Morris couldn't figure it out by then, he would mentally declare the game lost and ask the man straight out: Say, I've had the feeling I know you -
But there was more to it than just that, he admitted to himself. There was something in his feelings, a nasty sort of undertow, that made him think of that story "The Monkey's Paw", where every wish had been granted as the result of some evil turn of fate. The old couple who came into possession of the paw wished for a hundred dollars and received it as a gift of condolence when their only son was killed in a nasty mill accident. Then the mother had wished for the son to return to them. They had heard footsteps dragging up their walk shortly afterwards; then pounding on the door, a perfect fusillade of blows. The mother, mad with joy, had gone rushing down the stairs to let in her only child. The father, mad with quite another emotion, scrabbled through the darkness for the dried paw, found it at last, and wished his son dead again. The mother threw the door open a moment later and found nothing on the stoop but an eddy of night wind.
In some way Morris felt that perhaps he did know where he and Denker had been acquainted, but that his knowledge was like the son of the old couple in the story - returned from the grave, but not as he was in his mother's memory; returned, instead, horribly crushed and mangled from his fall into the gnashing, whirling machinery. He felt that his knowledge of Denker might be a subconscious thing, pounding on the door between that area of his mind and that of rational understanding and recognition, demanding admittance . . . and that another part of him was searching frantically for the monkey's paw, or its psychological equivalent; for the talisman that would wish away the knowledge forever.
Now he looked at Denker, frowning.
Denker. Denker. Where have I known you, Denker? Was it Patin? Is that why I don't want to know? But surely, two survivors of a common horror do not have to be afraid of each other. Unless, of course . . .
He frowned. He felt very close to it, suddenly, but his feet were tingling, breaking his concentration, annoying him. They were tingling in just the way a limb tingles when you've slept on it and it's returning to normal circulation. If it wasn't for the damned body-cast, he could sit up and rub his feet until that tingle went away. He could -
Morris's eyes widened.
For a long time he lay perfectly still, Lydia forgotten, Denker forgotten, Patin forgotten, everything forgotten except that tingly feeling in his feet Yes, both feet, but it was stronger in the right one. When you felt that tingle, you said My foot went to sleep."
But what you really meant, of course, was My foot is waking up.
Morris fumbled for the call-button. He pressed it again and again until the nurse came.
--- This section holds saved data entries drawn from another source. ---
definition vee3 :: "'k::field vec \<Rightarrow> 'k vec \<Rightarrow> 'k vec \<Rightarrow> 'k vec" where
  "vee3 a b c = mgraft [a, b, c]"

definition bracket :: "'k::field vec \<Rightarrow> 'k vec \<Rightarrow> 'k vec" where
  "bracket a b = mul a b - mul b a"

definition assoc_b :: "'k::field vec \<Rightarrow> 'k vec \<Rightarrow> 'k vec \<Rightarrow> 'k vec" where
  "assoc_b a b c = mul (mul a b) c - mul a (mul b c)"

definition assoc_t :: "'k::field vec \<Rightarrow> 'k vec \<Rightarrow> 'k vec \<Rightarrow> 'k vec" where
  "assoc_t a b c = mul (mul a b) c - vee3 a b c"

text \<open>Co-addition on basis trees: the unital homomorphism with
  Delta(x_i) = x_i \<otimes> 1 + 1 \<otimes> x_i, i.e. Delta(1) = 1 \<otimes> 1 and
  Delta(\<or>^k(t_1,...,t_k)) = \<or>^k(Delta t_1, ..., Delta t_k).\<close>
fun delta :: "mtree \<Rightarrow> 'k::field vec2" where
  "delta One = (\<lambda>p. if p = (One, One) then 1 else 0)"
| "delta (Leaf i) = (\<lambda>p. if p = (Leaf i, One) \<or> p = (One, Leaf i) then 1 else 0)"
| "delta (Node ts) = mgraft2 (map delta ts)"

definition Delta :: "'k::field vec \<Rightarrow> 'k vec2" where
  "Delta f = (\<lambda>p. \<Sum>t\<in>supp f. f t * delta t p)"

definition ten_one :: "'k::field vec \<Rightarrow> 'k vec2" where
  "ten_one f = (\<lambda>(u, v). if v = One then f u else 0)"

definition one_ten :: "'k::field vec \<Rightarrow> 'k vec2" where
  "one_ten f = (\<lambda>(u, v). if u = One then f v else 0)"

definition primitive :: "'k::field vec \<Rightarrow> bool" where
  "primitive f \<longleftrightarrow> Delta f = ten_one f + one_ten f"

definition Prim :: "nat \<Rightarrow> 'k::field vec set" where
  "Prim n = {f. finite (supp f) \<and>
      (\<forall>t\<in>supp f. proper t \<and> mset (leaves t) = mset [1..<Suc n]) \<and> primitive f}"

text \<open>Action of Sigma_n by permuting variables: sigma . x_i = x_(sigma i).\<close>
definition act :: "(nat \<Rightarrow> nat) \<Rightarrow> 'k::field vec \<Rightarrow> 'k vec" where
  "act \<sigma> f = (\<lambda>t. f (relabel (inv \<sigma>) t))"

type_synonym 'k rep = "(nat \<Rightarrow> 'k) set \<times> ((nat \<Rightarrow> nat) \<Rightarrow> (nat \<Rightarrow> 'k) \<Rightarrow> (nat \<Rightarrow> 'k))"
theorem lemma3p3:
  fixes p f N :: nat and \<gamma> :: "'a::{finite,field}"
  assumes "prime p" and "of_nat p = (0::'a)" and "CARD('a) = p ^ f"
    and "N > 1" and "N dvd (CARD('a) - 1)"
    and "primitive_elem \<gamma>"
  defines "\<eta> \<equiv> gauss_period p f N \<gamma>"
  defines "Vals \<equiv> \<eta> ` {0..<N}"
  defines "I \<equiv> (\<lambda>\<alpha>. {a\<in>{0..<N}. \<eta> a = \<alpha>})"
  shows "(\<forall>\<alpha>\<in>Vals. \<forall>a\<in>I \<alpha>. (p * a) mod N \<in> I \<alpha>)
       \<and> (let m = Gcd {ord n p | n. n > 1 \<and> n dvd N} in
            m \<ge> 2 \<longrightarrow>
            (\<exists>!\<alpha>0\<in>Vals. card (I \<alpha>0) mod m = 1 \<and>
                (\<forall>\<alpha>\<in>Vals. \<alpha> \<noteq> \<alpha>0 \<longrightarrow> card (I \<alpha>) mod m = 0)))"
proof -
  have \<eta>_frobenius: "\<eta> (p * a mod N) = \<eta> a" for a
    unfolding \<eta>_def using gauss_period_frobenius[OF \<open>CARD('a) = p ^ f\<close>]
      primitive_elem_nonzero[OF \<open>primitive_elem \<gamma>\<close>] by blast
  then have closed: "(p * a) mod N \<in> I \<alpha>" if "a \<in> I \<alpha>" for a \<alpha>
    using that \<open>N > 1\<close> unfolding I_def by auto
  have "coprime p N"
    using \<open>prime p\<close> exponent_pos_if_card_eq_power[OF \<open>CARD('a) = p ^ f\<close>] \<open>N dvd CARD('a) - 1\<close>
    by (intro coprime_if_dvd_power_minus_one) (simp_all add: prime_gt_0_nat \<open>CARD('a) = p ^ f\<close>)
  define m where "m = Gcd {ord n p | n. n > 1 \<and> n dvd N}"
  have "m dvd card (I \<alpha> - {0})" for \<alpha>
  proof (rule dvd_card_if_closed_under_mult[OF \<open>coprime p N\<close>])
    show "I \<alpha> - {0} \<subseteq> {0<..<N}"
      unfolding I_def by auto
    show "p * a mod N \<in> I \<alpha> - {0}" if "a \<in> I \<alpha> - {0}" for a
      using that closed[of a \<alpha>] mult_mod_pos[OF \<open>coprime p N\<close>, of a] unfolding I_def by auto
    show "m dvd ord n p" if "1 < n" "n dvd N" for n
      unfolding m_def using that by (blast intro: Gcd_dvd)
  qed
  then have "m \<ge> 2 \<longrightarrow> (\<exists>!\<alpha>0\<in>Vals. card (I \<alpha>0) mod m = 1 \<and>
                (\<forall>\<alpha>\<in>Vals. \<alpha> \<noteq> \<alpha>0 \<longrightarrow> card (I \<alpha>) mod m = 0))"
    using unique_fibre_card_mod[of N m \<eta>] \<open>N > 1\<close> unfolding Vals_def I_def by simp
  then show ?thesis
    using closed unfolding m_def Let_def by blast
qed

end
The nurse tried to dismiss it - she had had hopeful patients before. His doctor wasn't in the building, and the nurse didn't want to call him at home. Dr Kemmelman had a vast reputation for evil temper . . . especially when he was called at home. Morris wouldn't let her dismiss it He was a mild man, but now he was prepared to make more than a fuss; he was prepared to make an uproar if that's what it took. The Braves had taken two. Lydia had sprained her hip. But good things came in threes, everyone knew that
At last the nurse came back with an intern, a young man named Dr Timpnell whose hair looked as if it had last been cut by a Lawn Boy with very dull blades. Dr Timpnell pulled a Swiss Army knife from the pocket of his white pants, folded out the Phillips screwdriver attachment, and ran it from the toes of Morris's right foot down to the heel. The foot did not curl, but his toes twitched - it was an obvious twitch, too definite to miss. Morris burst into tears.
Timpnell, looking rather dazed, sat beside him on the bed and patted his hand.
This sort of thing happens from time to time," he said (possibly from his wealth of practical experience, which stretched back perhaps as far as six months). "No doctor predicts it, but it does happen. And apparently it's happened to you."